Roger Federer downed Rafael Nadal in the Wimbledon semifinals, adding another classic to the books and setting up a Fed-Djokovic final

Of course the light was beginning to leave Centre Court before the match had even started. That’s how Nadal-Federer has to feel now, isn’t it? These are the golden years of the most sentimental rivalry in the history of the game. And Wimbledon is the most sentimental event, perhaps, in all of sports. The last time Roger Federer and Rafael Nadal played at Wimbledon, 11 years ago, it resulted in the most memorable match ever played—which ended, of course, at dusk.

Federer and Nadal’s semifinal match on Friday, their first-ever meeting at Wimbledon before the final, was a nerve-wracking affair, the best match of the tournament thus far. In his post-match interview, Federer admitted, as he rarely does, that he was exhausted, but he came away with a win—7-6, 1-6, 6-3, 6-4—in about three hours. 

After a tight, breakless first set, Federer squeezed through a tiebreak, and then was promptly drowned in a set of Rafa Rage. It’s common, after he drops a close game or set, that Nadal will respond by somehow increasing his level: running down more balls, pressing more on return games, flattening out his serve, and hitting aces that he didn’t have in his arsenal a decade ago. (Think of this year’s French Open final, in which Nadal, insulted by the very idea that Dominic Thiem would dare challenge him, responded to a second-set loss by throttling the Austrian 6-1, 6-1 in the third and fourth.) That happened here: Nadal cruised through the second frame, whipping winners and drawing dreadful Federer shanks. But Federer responded in the third by leaning on his serve, breaking early, and taking decisive control of the match. In the booth, Chris Fowler and John McEnroe called the second set the worst set Federer had ever played at Wimbledon, and the third set Nadal’s worst. 

Down a break in the fourth set, Nadal hit a flattened serve down the T, and Federer had to lunge to put a racket on it, barely looping a moon ball back into play. Nadal, of course, returned to his opponent’s backhand side. Federer responded by doing something he did much more 15 years ago than he does today: running around the shot to hit a forehand, falling away from the court awkwardly, past the ad court’s doubles alley. He then made a dead run to the end of the other alley to retrieve a ball Nadal placed in the corner, swiped a forehand … and slipped. 

But instead of the point ending in a Nadal winner, Federer recovered and then turned directly to the net, chasing down a drop shot, reaching the ball a frame off the ground, and knifing it back past Nadal for a winner. 

At 5-4, on the fourth of five match points, with Federer serving, the two played a 24-shot rally. On the fifth, moments later, Federer just needed a six-shot exchange to get to the finish line.

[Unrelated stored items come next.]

theorem theorem4:
  fixes d :: nat and \<sigma> :: "bool list"
  assumes "odd d" and "is_sign_pattern d \<sigma>" and "compatible \<sigma> 2 1"
  shows
   "((\<forall>j \<le> d. odd j \<longrightarrow> monomial_sign \<sigma> j) \<longrightarrow>
       (\<exists>p. realizes p \<sigma> 2 1) \<and>
       (\<forall>p \<alpha>1 \<alpha>2 \<beta>. realizes p \<sigma> 2 1 \<and> 0 < \<alpha>1 \<and> \<alpha>1 < \<alpha>2 \<and> 0 < \<beta> \<and>
          poly p \<alpha>1 = 0 \<and> poly p \<alpha>2 = 0 \<and> poly p (-\<beta>) = 0 \<longrightarrow> \<beta> < \<alpha>1 \<and> \<alpha>1 < \<alpha>2))
    \<and>
    ((\<forall>j \<le> d. even j \<longrightarrow> monomial_sign \<sigma> j) \<longrightarrow>
       (\<exists>p. realizes p \<sigma> 2 1) \<and>
       (\<forall>p \<alpha>1 \<alpha>2 \<beta>. realizes p \<sigma> 2 1 \<and> 0 < \<alpha>1 \<and> \<alpha>1 < \<alpha>2 \<and> 0 < \<beta> \<and>
          poly p \<alpha>1 = 0 \<and> poly p \<alpha>2 = 0 \<and> poly p (-\<beta>) = 0 \<longrightarrow> \<alpha>1 < \<alpha>2 \<and> \<alpha>2 < \<beta>))"
proof -
  have sign_0: "monomial_sign \<sigma> 0" and "\<exists>k\<le>d. \<not> monomial_sign \<sigma> k"
    using monomial_signs_if_compatible_2[OF assms(2,3)] by blast+
  then obtain k where k: "k \<le> d" "\<not> monomial_sign \<sigma> k" by blast
  have "\<exists>p. realizes p \<sigma> 2 1" if "\<forall>j\<le>d. odd j \<longrightarrow> monomial_sign \<sigma> j"
    using realizable_if_odd_monomials_positive[OF assms(2,1) sign_0 _ k] that by blast
  moreover have "\<beta> < \<alpha>" if "\<forall>j\<le>d. odd j \<longrightarrow> monomial_sign \<sigma> j"
    and "realizes p \<sigma> 2 1" "0 < \<alpha>" "poly p \<alpha> = 0" "0 < \<beta>" "poly p (- \<beta>) = 0" for p \<alpha> \<beta>
    using realizes_neg_root_abs_lt_pos_root_if_odd_monomials_positive[OF _ assms(2,1) sign_0] that by blast
  moreover have "\<exists>p. realizes p \<sigma> 2 1" if "\<forall>j\<le>d. even j \<longrightarrow> monomial_sign \<sigma> j"
    using realizable_if_even_monomials_positive[OF assms(2,1) _ k] that by blast
  moreover have "\<alpha> < \<beta>" if "\<forall>j\<le>d. even j \<longrightarrow> monomial_sign \<sigma> j"
    and "realizes p \<sigma> 2 1" "0 < \<alpha>" "poly p \<alpha> = 0" "0 < \<beta>" "poly p (- \<beta>) = 0" for p \<alpha> \<beta>
    using realizes_pos_root_lt_neg_root_abs_if_even_monomials_positive[OF _ assms(2,1)] that by blast
  ultimately show ?thesis by (blast intro: order.strict_trans)
qed

end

One of the most tedious parts of modern tennis is the lack of diversity of style between court types. The grass at Wimbledon is more similar to a hard court than it’s ever been. Since the Championships switched its seed blend in the early 2000s, baseliners have thrived, and long rallies from the back of the court have become the norm. Rallies at Wimbledon and Roland Garros tend to look different only after some squinting, and the majority of the players throughout the draws there play the same way: like Novak Djokovic, but way worse.

Federer and Nadal have always been a compelling pair because of all of their contrasts: one calm and wiry, the other all biceps flexes and nose twitches. This, too, makes for one-of-a-kind shotmaking. On the grass, even the modern rye blend, Federer hits through the court with an eye to the net. His backhand, once nearly reduced to a weak, error-prone slice by Nadal’s high-spinning shots, now shoots flat and induces errors. And Nadal, despite his history of knee injuries, moved as fast as he did in his 20s on Friday. This made for long, unpredictable rallies and strange point shapes. Federer and Nadal don’t just play impressive or long points, they play dramatic, confusing trajectories that make your heart skip. During the first three sets, I took two showers. 

In the final, Federer’s 12th, he will face Djokovic, who has cruised through his draw en route to defending his title. Federer will be chasing his ninth title, and Djokovic his fifth. The two have met twice in the finals at Wimbledon: in 2014 and 2015, with Djokovic winning both, the first in a particularly tight five-set match. I’m not sure what I think of Federer’s odds; he’s lost his last four meetings with Djokovic at a Slam, and hasn’t beaten him at a major since Wimbledon in 2012. But a lot of time has passed since the two played best-of-five in Melbourne in 2016, and the rye is faster than any other court on the circuit and slippery (really slippery over these past two weeks) and suited to an attacking game. 

The prospect of the final has already taken some of the air out of Friday’s thriller; such are the hazards of having a Big Three. But if anybody had wondered whether Nadal-Federer matches were holding the tour back more than it was driving it forward, it should be clear that there isn’t much reason to fret. The light hasn’t quite left the court yet.